Il en résulte que les femmes sont aussi intelligentes que les hommes. Fait largement corroboré par les diverses campagnes de mesures du quotient intellectuel et que confirme Aljoscha Neubauer, professeur à l’Institut de psychologie de l’université Karl‑Franzens, en Autriche :

En matière de quotient intellectuel reflétant des performances cognitives, la plupart des études ne révèlent aucune différence entre les hommes et les femmes. Afin d’éviter les discriminations, les tests d’intelligence sont construits de façon à éviter tout artefact lié au sexe. S’il semble exister, statistiquement, des différences entre hommes et femmes dans des domaines particuliers, elles sont trop ténues pour que l’on puisse attribuer des facultés particulières à une personne en fonction de son sexe uniquement.
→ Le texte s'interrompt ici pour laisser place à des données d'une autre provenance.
lemma quantum_payoff_swap_players:
  "quantum_payoff (swap_players G) d (\<lambda>i j. psi j i) B A = quantum_payoff G d psi A B"
proof -
  have "quantum_payoff (swap_players G) d (\<lambda>i j. psi j i) B A
      = (\<Sum>x\<in>UNIV. \<Sum>y\<in>UNIV. \<Sum>b\<in>UNIV. \<Sum>a\<in>UNIV. complex_of_real (G x y a b) * tensor_expect d psi (A x a) (B y b))"
    unfolding quantum_payoff_def swap_players_def tensor_expect_transpose[of d psi] by (rule sum.swap)
  also have "\<dots> = quantum_payoff G d psi A B"
    unfolding quantum_payoff_def by (rule sum.cong[OF refl], rule sum.cong[OF refl], rule sum.swap)
  finally show ?thesis .
qed

lemma cmod_quantum_payoff_le_min_card_questions:
  fixes G :: "'x::finite \<Rightarrow> 'y::finite \<Rightarrow> 'a::finite \<Rightarrow> 'b::finite \<Rightarrow> real"
  assumes "quantum_strategy d psi A B" and G_nonneg: "\<And>x y a b. 0 \<le> G x y a b"
  shows "cmod (quantum_payoff G d psi A B) \<le> real (min CARD('x) CARD('y)) * classical_value G"
proof -
  have "cmod (quantum_payoff G d psi A B) \<le> real CARD('x) * classical_value G"
    by (rule quantum_strategy.cmod_quantum_payoff_le_card_left[OF assms])
  moreover have "cmod (quantum_payoff G d psi A B) \<le> real CARD('y) * classical_value G"
    using quantum_strategy.cmod_quantum_payoff_le_card_left[OF quantum_strategy_swap_players[OF assms(1)],
        of "swap_players G"] G_nonneg
    unfolding quantum_payoff_swap_players classical_value_swap_players by (simp add: swap_players_def)
  ultimately show ?thesis by (simp add: min_def)
qed

section \<open>Existence of a complex Grothendieck constant\<close>

lemma cmod_inner_le: "cmod (\<Sum>i<d. a i * b i) \<le> sqrt (sqnorm d a) * sqrt (sqnorm d b)"
proof -
  have "(cmod (\<Sum>i<d. a i * b i))\<^sup>2 \<le> sqnorm d a * sqnorm d b"
    unfolding sqnorm_def by (rule cmod_sum_mult_squared_le)
  then show ?thesis
    by (metis real_le_rsqrt real_sqrt_mult)
qed

definition vector_form :: "nat \<Rightarrow> nat \<Rightarrow> (nat \<Rightarrow> nat \<Rightarrow> complex) \<Rightarrow> nat
    \<Rightarrow> (nat \<Rightarrow> nat \<Rightarrow> complex) \<Rightarrow> (nat \<Rightarrow> nat \<Rightarrow> complex) \<Rightarrow> real" where
  "vector_form n m c d a b = cmod (\<Sum>x<n. \<Sum>y<m. c x y * (\<Sum>i<d. a x i * b y i))"
text \<open>The normal form (k, [(e1, r1), ..., (em, rm)]) stands for
  a^k t^(\<plusminus>1) a^r1 ... t^(\<plusminus>1) a^rm, the sign of the i-th t being + iff ei.
  The residues are coset representatives: {0, 1} for \<langle>a^2\<rangle> after t and {-1, 0, 1} for
  \<langle>a^3\<rangle> after t^-1; reducedness excludes the pinches t a^0 t^-1 and t^-1 a^0 t.
  t_mult rewrites t a^(2q + r) as a^(3q) t a^r, cancelling t against a following t^-1
  when r = 0; t_inv_mult does the same with t^-1 a^(3q + r) = a^(2q) t^-1 a^r.
  Words act on normal forms from the left, so the last letter of a word acts first.\<close>

definition residue_ok :: "syllable \<Rightarrow> bool" where
  "residue_ok x = (if fst x then snd x \<in> {0, 1} else snd x \<in> {-1, 0, 1})"

fun reduced :: "syllable list \<Rightarrow> bool" where
  "reduced [] = True"
| "reduced (x # L) \<longleftrightarrow>
     residue_ok x \<and> (snd x = 0 \<longrightarrow> (case L of [] \<Rightarrow> True | y # _ \<Rightarrow> fst y = fst x)) \<and> reduced L"

definition t_mult :: "normal_form \<Rightarrow> normal_form" where
  "t_mult s = (case s of (k, L) \<Rightarrow>
     (if k mod 2 = 0 \<and> L \<noteq> [] \<and> \<not> fst (hd L) then (3 * (k div 2) + snd (hd L), tl L)
      else (3 * (k div 2), (True, k mod 2) # L)))"

definition t_inv_mult :: "normal_form \<Rightarrow> normal_form" where
  "t_inv_mult s = (case s of (k, L) \<Rightarrow>
     (if k - 3 * ((k + 1) div 3) = 0 \<and> L \<noteq> [] \<and> fst (hd L)
      then (2 * ((k + 1) div 3) + snd (hd L), tl L)
      else (2 * ((k + 1) div 3), (False, k - 3 * ((k + 1) div 3)) # L)))"

fun letter_act :: "letter \<Rightarrow> normal_form \<Rightarrow> normal_form" where
  "letter_act (A, True) (k, L) = (k + 1, L)"
| "letter_act (A, False) (k, L) = (k - 1, L)"
| "letter_act (T, True) s = t_mult s"
| "letter_act (T, False) s = t_inv_mult s"

definition word_act :: "word \<Rightarrow> normal_form \<Rightarrow> normal_form" where
  "word_act w s = foldr letter_act w s"

lemma word_act_append: "word_act (u @ v) s = word_act u (word_act v s)"
  by (simp add: word_act_def)

lemma reduced_Cons_iff:
  "reduced ((e, r) # L) \<longleftrightarrow> residue_ok (e, r) \<and> (r = 0 \<longrightarrow> L = [] \<or> fst (hd L) = e) \<and> reduced L"
  by (cases L) auto

lemma t_mult_cancel: "t_mult (2 * q, (False, r) # L) = (3 * q + r, L)"
  by (simp add: t_mult_def)

lemma t_mult_push:
  assumes "r \<in> {0, 1}" and "\<not> (r = 0 \<and> L \<noteq> [] \<and> \<not> fst (hd L))"
  shows "t_mult (2 * q + r, L) = (3 * q, (True, r) # L)"
proof -
  have "(2 * q + r) div 2 = q" "(2 * q + r) mod 2 = r" using \<open>r \<in> {0, 1}\<close> by auto
  then show ?thesis unfolding t_mult_def using assms(2) by (simp only: prod.case) auto
qed
lemma hyp2f1_contiguous:
  assumes "C > 0" "B \<noteq> 0" "\<bar>x\<bar> < 1"
  shows "hyp2f1 A (B + 1) C x = hyp2f1 A B C x + x * hyp2f1_deriv A B C x / B"
proof -
  define f where "f = hg_coeff A B C"
  have "(\<lambda>n. f n * x ^ n + inverse B * (coeff_shift (diffs f) n * x ^ n))
      sums (hyp2f1 A B C x + inverse B * (x * hyp2f1_deriv A B C x))"
    using summable_hg_series[OF assms(1,3)] summable_hg_deriv_series[OF assms(1,3)]
    by (intro sums_add sums_mult sums_coeff_shift)
       (simp_all add: f_def hyp2f1_altdef hyp2f1_deriv_def summable_sums)
  moreover have "f n * x ^ n + inverse B * (coeff_shift (diffs f) n * x ^ n) = hg_coeff A (B + 1) C n * x ^ n" for n
    using assms(2) by (simp add: f_def coeff_shift_diffs hg_coeff_succ_right field_simps)
  ultimately show ?thesis
    by (simp add: hyp2f1_altdef sums_iff field_simps)
qed

lemma hyp2f1_succ_right_has_real_derivative:
  assumes "C > 0" "B \<noteq> 0" "\<bar>x\<bar> < 1"
  shows "(hyp2f1 A (B + 1) C has_real_derivative
    hyp2f1_deriv A B C x + (hyp2f1_deriv A B C x + x * hyp2f1_deriv2 A B C x) / B) (at x)"
proof -
  have "eventually (\<lambda>t. t \<in> {-1<..<1}) (nhds x)"
    using assms(3) by (intro eventually_nhds_in_open) auto
  then have "eventually (\<lambda>t. hyp2f1 A B C t + t * hyp2f1_deriv A B C t / B = hyp2f1 A (B + 1) C t) (nhds x)"
    by (rule eventually_mono) (use assms in \<open>auto simp: hyp2f1_contiguous abs_less_iff\<close>)
  moreover have "((\<lambda>t. hyp2f1 A B C t + t * hyp2f1_deriv A B C t / B) has_real_derivative
      hyp2f1_deriv A B C x + (hyp2f1_deriv A B C x + x * hyp2f1_deriv2 A B C x) / B) (at x)"
    using assms by (auto intro!: derivative_eq_intros hyp2f1_has_real_derivative
      hyp2f1_deriv_has_real_derivative simp: field_simps)
  ultimately show ?thesis
    by (simp add: DERIV_cong_ev)
qed

lemma hyp2f1_deriv_lower_bound:
  assumes "A > 0" "B > 0" "C > A" "0 < x" "x < 1"
  shows "A * B / C * hyp2f1 A B C x < (1 - A * x / C) * hyp2f1_deriv A B C x"
proof -
  have C: "C > 0" and x: "\<bar>x\<bar> < 1"
    using assms by simp_all
  define f where "f = hg_coeff A B C"
  define g where "g n = diffs f n * x ^ n - A / C * (coeff_shift (diffs f) n * x ^ n) - A * B / C * (f n * x ^ n)" for n
  have sums: "g sums (hyp2f1_deriv A B C x - A / C * (x * hyp2f1_deriv A B C x) - A * B / C * hyp2f1 A B C x)"
    unfolding g_def using summable_hg_series[OF C x] summable_hg_deriv_series[OF C x]
    by (intro sums_diff sums_mult sums_coeff_shift)
       (simp_all add: f_def hyp2f1_altdef hyp2f1_deriv_def summable_sums)
  have g: "g n = f n * (B + n) * n * (C - A) / (C * (C + n)) * x ^ n" for n
  proof -
    have "C + n > 0"
      using C by simp
    then show ?thesis
      unfolding g_def coeff_shift_diffs f_def diffs_hg_coeff[OF C] using C
      by (simp add: divide_simps) (simp add: algebra_simps)
  qed
  have "0 < suminf g"
  proof (rule suminf_pos2[where i = 1])
    show "summable g"
      using sums by (rule sums_summable)
    show "0 \<le> g n" for n
      unfolding g f_def using assms hg_coeff_pos[OF assms(1,2) C, of n] by simp
    show "0 < g 1"
      unfolding g f_def using assms hg_coeff_pos[OF assms(1,2) C, of 1] by simp
  qed
  then show ?thesis
    using sums by (simp add: sums_iff algebra_simps)
qed
lemma boundary_data_eventually_eq:
  fixes f q :: "real \<Rightarrow> real"
  assumes f: "(f has_real_derivative 0) (at x within S)"
    and ev: "eventually (\<lambda>y. f y = q y) (at x within S)"
    and q: "(q has_real_derivative d) (at x)"
    and nontriv: "at x within S \<noteq> bot"
  shows "f x = q x" "d = 0"
proof -
  have "(q \<longlongrightarrow> f x) (at x within S)"
    using DERIV_continuous[OF f] ev by (auto simp: continuous_within intro: Lim_transform_eventually)
  moreover have "(q \<longlongrightarrow> q x) (at x within S)"
    using DERIV_continuous[OF has_field_derivative_at_within[OF q]] by (simp add: continuous_within)
  ultimately show "f x = q x" using tendsto_unique[OF nontriv] by blast
  then have "(q has_real_derivative 0) (at x within S)"
    using f has_field_derivative_cong_eventually[OF ev] by simp
  then show "d = 0"
    using has_field_derivative_unique[OF has_field_derivative_at_within[OF q] _ nontriv] by blast
qed

lemma clamped_ends_of_eq_on_interior:
  fixes f q q' :: "real \<Rightarrow> real"
  assumes "a < b"
    and eq: "\<And>y. y \<in> {a<..<b} \<Longrightarrow> f y = q y"
    and q: "\<And>y. (q has_real_derivative q' y) (at y)"
    and "(f has_real_derivative 0) (at a within {a..b})" "(f has_real_derivative 0) (at b within {a..b})"
  shows "f a = q a" "q' a = 0" "f b = q b" "q' b = 0"
proof -
  have "eventually (\<lambda>y. f y = q y) (at_right a)"
    using eventually_at_right_real[OF \<open>a < b\<close>] by (rule eventually_mono) (use eq in auto)
  moreover have "eventually (\<lambda>y. f y = q y) (at_left b)"
    using eventually_at_left_real[OF \<open>a < b\<close>] by (rule eventually_mono) (use eq in auto)
  ultimately show "f a = q a" "q' a = 0" "f b = q b" "q' b = 0"
    using assms(4,5) boundary_data_eventually_eq[OF _ _ q] \<open>a < b\<close>
    by (simp_all add: at_within_Icc_at_left at_within_Icc_at_right)
qed

lemma is_rc_deriv_eq:
  fixes \<alpha> :: real and f :: "real \<Rightarrow> real"
  assumes "\<alpha> > 0" "is_rc \<alpha> f" "x \<in> {-1<..<1}"
  defines "k \<equiv> 1 / (\<alpha> * sqrt 2)"
  shows "(sinh k * cosh k + sin k * cos k) * deriv f x =
    4 * k * \<alpha>^3 * (cosh k * sin k * (sinh (k*x) * cos (k*x)) - sinh k * cos k * (cosh (k*x) * sin (k*x)))"
proof -
  have "k > 0" using \<open>\<alpha> > 0\<close> by (simp add: k_def)
  obtain a b c d where f_eq: "\<And>y. y \<in> {-1<..<1} \<Longrightarrow> f y = hc_comb k (a, b, c, d) y - 2 * \<alpha>^3"
    and df_eq: "\<And>y. y \<in> {-1<..<1} \<Longrightarrow> deriv f y = hc_comb k (hc_coeff_deriv k (a, b, c, d)) y"
    using is_rc_eq_hc_comb[OF assms(1,2)] unfolding k_def by (metis prod_cases4)
  have "((\<lambda>y. hc_comb k (a, b, c, d) y - 2 * \<alpha>^3) has_real_derivative
      hc_comb k (hc_coeff_deriv k (a, b, c, d)) y) (at y)" for y
    by (rule DERIV_diff[OF has_real_derivative_hc_comb DERIV_const, simplified])
  from clamped_ends_of_eq_on_interior[of "-1" 1, OF _ f_eq this] assms(2)
  have "hc_comb k (a, b, c, d) 1 = 2 * \<alpha>^3" "hc_comb k (a, b, c, d) (-1) = 2 * \<alpha>^3"
    "hc_comb k (hc_coeff_deriv k (a, b, c, d)) 1 = 0" "hc_comb k (hc_coeff_deriv k (a, b, c, d)) (-1) = 0"
    by (simp_all add: is_rc_def)
  note coeffs = hc_coeffs_of_boundary_values[OF \<open>k > 0\<close> this]
  have "(sinh k * cosh k + sin k * cos k) * deriv f x =
    k * ((a * (sinh k * cosh k + sin k * cos k) + b * (sinh k * cosh k + sin k * cos k)) * (sinh (k*x) * cos (k*x))
      + (b * (sinh k * cosh k + sin k * cos k) - a * (sinh k * cosh k + sin k * cos k)) * (cosh (k*x) * sin (k*x)))"
    unfolding df_eq[OF assms(3)] coeffs(1,2) by (simp add: algebra_simps)
  then show ?thesis
    unfolding coeffs(3,4) by (simp add: algebra_simps)
qed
Dès lors, au nom de quoi une femme musulmane ne pourrait pas briguer un mandat de chef d’État et veiller, par là même, aux destinées de son pays ? Sait‑on, au surplus, que les femmes sont de meilleurs chefs d’entreprise que les hommes ? Intelligence et capacité entrepreneuriale aussi fortes, sinon plus que celles des hommes… Voilà qui porte un coup fatal aux idées reçues et stéréotypées ainsi qu’à leurs vecteurs, c’est‑à‑dire ceux qui, hadiths à l’appui, vocifèrent contre l’accession des femmes au pouvoir…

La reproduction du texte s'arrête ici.